I’ve got an idea, how about we go back to that meritocracy thing?
You can read the original blog articles by uBeam’s former VP of engineering here. I recommend you start at the beginning and work your way forward chronologically. It’s a long read but well worth it. I’ll leave you with the intro:
Today is the 6 month anniversary of my resignation from uBeam, a startup I’d spent the previous two and a half years working on. I had gone from being one of the three engineers working in a garage to create the basic technology (literally), through fundraising nearly $23,000,000, and being VP Engineering in one of the hottest tech startups, to being willing to walk away from both a team I had built and was proud to work with, and any chance of recouping the income and opportunities I had sacrificed in getting there.
It marked the end of about four years of working on a several different startups, during which time I made a lot of mistakes, worked on some very interesting things, met some fantastic engineers and other co-workers, and got first hand insight into the workings of VC and startups in tech. It’s the last part I find most fascinating – how the whole ecosystem of startups actually works.

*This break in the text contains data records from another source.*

(* Let $\mathcal M$ be the class of multilayer networks with $d$ aspects having a common vertex set $L_0$ and common elementary-layer sets $L_1,\dots,L_d$, let $p\subseteq\{0,\dots,d\}$ be nonempty, let $U$ be a set, and let $\mathcal G_c$ be the class of vertex-colored graphs whose vertex sets are subsets of $U$. Let $f:\mathcal M\to\mathcal G_c$ and $g:P_p\to\mathrm{Sym}(U)$ satisfy: (1) $f$ and $g$ are injective; (2) for all $M,M'\in\mathcal M$ and $\gamma\in\mathrm{Sym}(U)$, if $f(M)^\gamma=f(M')$ then $\gamma\in g(P_p)$; (3) for all $M\in\mathcal M$ and all $\boldsymbol\zeta\in P_p$, $f(M^{\boldsymbol\zeta})=f(M)^{g(\boldsymbol\zeta)}$. Then for all $M,M'\in\mathcal M$, $\mathrm{Iso}_p(M,M')=g^{-1}(\mathrm{Iso}(f(M),f(M')))=\{\boldsymbol\zeta\in P_p: g(\boldsymbol\zeta)\in\mathrm{Iso}(f(M),f(M'))\}$.
   Context: A multilayer network with $d$ aspects is $M=(V_M,E_M,V,\mathbf L)$ with $\mathbf L=(L_1,\dots,L_d)$, $V_M\subseteq V\times L_1\times\dots\times L_d$, $E_M\subseteq V_M\times V_M$; write $L_0=V$ and $\mathbf v=(v_0,\dots,v_d)$. For nonempty $p\subseteq\{0,\dots,d\}$, $P_p=D_0\times\dots\times D_d$ with $D_a$ the symmetric group on $L_a$ if $a\in p$ and the trivial group on $L_a$ otherwise. For $\boldsymbol\zeta\in P_p$, $\mathbf v^{\boldsymbol\zeta}=(\zeta_0(v_0),\dots,\zeta_d(v_d))$ and $M^{\boldsymbol\zeta}=(\{\mathbf v^{\boldsymbol\zeta}:\mathbf v\in V_M\},\{(\mathbf v^{\boldsymbol\zeta},\mathbf u^{\boldsymbol\zeta}):(\mathbf v,\mathbf u)\in E_M\},V,\mathbf L)$; $\mathrm{Iso}_p(M,M')=\{\boldsymbol\zeta\in P_p:M^{\boldsymbol\zeta}=M'\}$. A vertex-colored graph is $G=(V_c,E_c,\pi,C)$ with $E_c\subseteq V_c\times V_c$ and $\pi:V_c\to C$. For a permutation $\gamma$ of $U$ and $V_c\subseteq U$, $G^\gamma=(\gamma(V_c),\{(\gamma(v),\gamma(u)):(v,u)\in E_c\},\pi\circ\gamma^{-1},C)$, and $\mathrm{Iso}(G,G')=\{\gamma\in\mathrm{Sym}(U):G^\gamma=G'\}$. *)

theory Defs
  imports "HOL-Combinatorics.Permutations" "HOL-Library.FuncSet"
begin

text \<open>Common layer sets: L 0 = V (vertices), L 1, ..., L d elementary layers,
all of a common element type 'a.  A node-layer tuple is a list of length d+1.\<close>

definition tuples :: "nat \<Rightarrow> (nat \<Rightarrow> 'a set) \<Rightarrow> 'a list set" where
  "tuples d L = {v. length v = Suc d \<and> (\<forall>a\<le>d. v ! a \<in> L a)}"

text \<open>A multilayer network with fixed V and L is determined by (V_M, E_M).\<close>
type_synonym 'a mlnet = "'a list set \<times> ('a list \<times> 'a list) set"

definition mlnet_class :: "nat \<Rightarrow> (nat \<Rightarrow> 'a set) \<Rightarrow> 'a mlnet set" where
  "mlnet_class d L = {(VM, EM). VM \<subseteq> tuples d L \<and> EM \<subseteq> VM \<times> VM}"

definition Pp :: "nat \<Rightarrow> (nat \<Rightarrow> 'a set) \<Rightarrow> nat set \<Rightarrow> (nat \<Rightarrow> 'a \<Rightarrow> 'a) set" where
  "Pp d L p = {\<zeta>. (\<forall>a. (a \<le> d \<and> a \<in> p) \<longrightarrow> \<zeta> a permutes L a)
                 \<and> (\<forall>a. \<not> (a \<le> d \<and> a \<in> p) \<longrightarrow> \<zeta> a = id)}"

definition tuple_act :: "(nat \<Rightarrow> 'a \<Rightarrow> 'a) \<Rightarrow> 'a list \<Rightarrow> 'a list" where
  "tuple_act \<zeta> v = map (\<lambda>a. \<zeta> a (v ! a)) [0..<length v]"

definition net_act :: "'a mlnet \<Rightarrow> (nat \<Rightarrow> 'a \<Rightarrow> 'a) \<Rightarrow> 'a mlnet" where
  "net_act M \<zeta> = (tuple_act \<zeta> ` fst M,
                   (\<lambda>(v, u). (tuple_act \<zeta> v, tuple_act \<zeta> u)) ` snd M)"

definition Iso_p :: "nat \<Rightarrow> (nat \<Rightarrow> 'a set) \<Rightarrow> nat set \<Rightarrow> 'a mlnet \<Rightarrow> 'a mlnet
                      \<Rightarrow> (nat \<Rightarrow> 'a \<Rightarrow> 'a) set" where
  "Iso_p d L p M M' = {\<zeta> \<in> Pp d L p. net_act M \<zeta> = M'}"

text \<open>Vertex-colored graphs (V_c, E_c, pi, C).  The coloring pi is taken
extensional on V_c (undefined outside), so that graph equality is meaningful.\<close>
record ('u, 'c) cgraph =
  cverts :: "'u set"
  cedges :: "('u \<times> 'u) set"
  ccol :: "'u \<Rightarrow> 'c"
  ccolors :: "'c set"

definition cgraph_class :: "'u set \<Rightarrow> ('u, 'c) cgraph set" where
  "cgraph_class U = {G. cverts G \<subseteq> U \<and> cedges G \<subseteq> cverts G \<times> cverts G
                      \<and> ccol G \<in> cverts G \<rightarrow>\<^sub>E ccolors G}"

definition graph_act :: "('u, 'c) cgraph \<Rightarrow> ('u \<Rightarrow> 'u) \<Rightarrow> ('u, 'c) cgraph" where
  "graph_act G \<gamma> = \<lparr> cverts = \<gamma> ` cverts G,
                     cedges = (\<lambda>(v, u). (\<gamma> v, \<gamma> u)) ` cedges G,
                     ccol = restrict (ccol G \<circ> inv \<gamma>) (\<gamma> ` cverts G),
                     ccolors = ccolors G \<rparr>"

definition Iso_g :: "'u set \<Rightarrow> ('u, 'c) cgraph \<Rightarrow> ('u, 'c) cgraph \<Rightarrow> ('u \<Rightarrow> 'u) set" where
  "Iso_g U G G' = {\<gamma>. \<gamma> permutes U \<and> graph_act G \<gamma> = G'}"

end

theory Submission
  imports Defs
begin

text \<open>Since \<open>f\<close> is injective on \<open>\<M>\<close> and \<open>\<M>\<close> is closed under \<open>P\<^sub>p\<close>, the equation
  \<open>M\<^sup>\<zeta> = M'\<close> is equivalent to \<open>f(M\<^sup>\<zeta>) = f(M')\<close>, which by equivariance (3) reads
  \<open>f(M)\<^bsup>g(\<zeta>)\<^esup> = f(M')\<close>, i.e. \<open>g(\<zeta>) \<in> Iso(f(M), f(M'))\<close>.\<close>

lemma tuple_act_in_tuples:
  assumes "\<zeta> \<in> Pp d L p" and "v \<in> tuples d L"
  shows "tuple_act \<zeta> v \<in> tuples d L"
proof -
  have "\<zeta> a (v ! a) \<in> L a" if "a \<le> d" for a
  proof (cases "a \<in> p")
    case True
    then have "\<zeta> a permutes L a" using assms(1) that by (simp add: Pp_def)
    then show ?thesis using assms(2) that by (simp add: tuples_def permutes_in_image)
  next
    case False
    then have "\<zeta> a = id" using assms(1) that by (simp add: Pp_def)
    then show ?thesis using assms(2) that by (simp add: tuples_def)
  qed
  then show ?thesis using assms(2) unfolding tuples_def tuple_act_def
    by (simp del: upt_Suc add: nth_map_upt)
qed

lemma net_act_in_mlnet_class:
  assumes "\<zeta> \<in> Pp d L p" and "M \<in> mlnet_class d L"
  shows "net_act M \<zeta> \<in> mlnet_class d L"
  using assms tuple_act_in_tuples[OF assms(1)]
  unfolding mlnet_class_def net_act_def by (auto split: prod.splits)

lemma net_act_eq_iff_in_Iso_g:
  assumes f_inj: "inj_on f (mlnet_class d L)"
    and equivariant: "f (net_act M \<zeta>) = graph_act (f M) (g \<zeta>)"
    and g_perm: "g \<zeta> permutes U"
    and \<zeta>: "\<zeta> \<in> Pp d L p"
    and M: "M \<in> mlnet_class d L" and M': "M' \<in> mlnet_class d L"
  shows "net_act M \<zeta> = M' \<longleftrightarrow> g \<zeta> \<in> Iso_g U (f M) (f M')"
proof -
  have "net_act M \<zeta> = M' \<longleftrightarrow> f (net_act M \<zeta>) = f M'"
    using inj_onD[OF f_inj] net_act_in_mlnet_class[OF \<zeta> M] M' by blast
  also have "\<dots> \<longleftrightarrow> graph_act (f M) (g \<zeta>) = f M'"
    by (simp only: equivariant)
  finally show ?thesis using g_perm by (simp add: Iso_g_def)
qed

theorem lemma1:
  fixes d :: nat and L :: "nat \<Rightarrow> 'a set" and p :: "nat set" and U :: "'u set"
    and f :: "'a mlnet \<Rightarrow> ('u, 'c) cgraph"
    and g :: "(nat \<Rightarrow> 'a \<Rightarrow> 'a) \<Rightarrow> ('u \<Rightarrow> 'u)"
  assumes p_ne: "p \<noteq> {}" and p_sub: "p \<subseteq> {0..d}"
    and f_into: "\<forall>M \<in> mlnet_class d L. f M \<in> cgraph_class U"
    and g_into: "\<forall>\<zeta> \<in> Pp d L p. g \<zeta> permutes U"
    and f_inj: "inj_on f (mlnet_class d L)"
    and g_inj: "inj_on g (Pp d L p)"
    and cond2: "\<forall>M \<in> mlnet_class d L. \<forall>M' \<in> mlnet_class d L. \<forall>\<gamma>.
                  \<gamma> permutes U \<longrightarrow> graph_act (f M) \<gamma> = f M' \<longrightarrow> \<gamma> \<in> g ` Pp d L p"
    and cond3: "\<forall>M \<in> mlnet_class d L. \<forall>\<zeta> \<in> Pp d L p.
                  f (net_act M \<zeta>) = graph_act (f M) (g \<zeta>)"
  shows "\<forall>M \<in> mlnet_class d L. \<forall>M' \<in> mlnet_class d L.
           Iso_p d L p M M' = Pp d L p \<inter> g -` Iso_g U (f M) (f M')
         \<and> Pp d L p \<inter> g -` Iso_g U (f M) (f M')
             = {\<zeta> \<in> Pp d L p. g \<zeta> \<in> Iso_g U (f M) (f M')}"
proof (intro ballI conjI)
  fix M M' assume M: "M \<in> mlnet_class d L" and M': "M' \<in> mlnet_class d L"
  have "net_act M \<zeta> = M' \<longleftrightarrow> g \<zeta> \<in> Iso_g U (f M) (f M')" if "\<zeta> \<in> Pp d L p" for \<zeta>
    using net_act_eq_iff_in_Iso_g[OF f_inj _ _ that M M'] cond3 g_into M that by blast
  then show "Iso_p d L p M M' = Pp d L p \<inter> g -` Iso_g U (f M) (f M')"
    unfolding Iso_p_def by blast
  show "Pp d L p \<inter> g -` Iso_g U (f M) (f M') = {\<zeta> \<in> Pp d L p. g \<zeta> \<in> Iso_g U (f M) (f M')}"
    by blast
qed

end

I’ve watched all the recent publicity surrounding Theranos, about a young, media-darling, Steve Jobs idolizing female CEO, who defies the skeptics and without any training in the field apparently makes strides that promise to change the world. Who raises millions on promises of ground-breaking technology that’s just around the corner, yet never makes public demonstrations or subjects their technology to third party audit. A CEO of a company that never answers substantial questions raised by veterans in that field, or criticism that they are doing nothing but playing a smoke and mirrors game to fleece the next round of investors, but is more than willing to speak to the press on their ‘vision’ (and nothing more).
I’ve followed that story and felt an odd sense of deja-vu about the coverage. How does a company, founded by someone with no realistic credentials or experience, raise so much money on what may never be delivered? Who decides it gets so much press coverage? Surely the VC’s are performing their due-diligence and there are adults minding the store?
There’s a saying: “You don’t want to see how the sausage gets made.”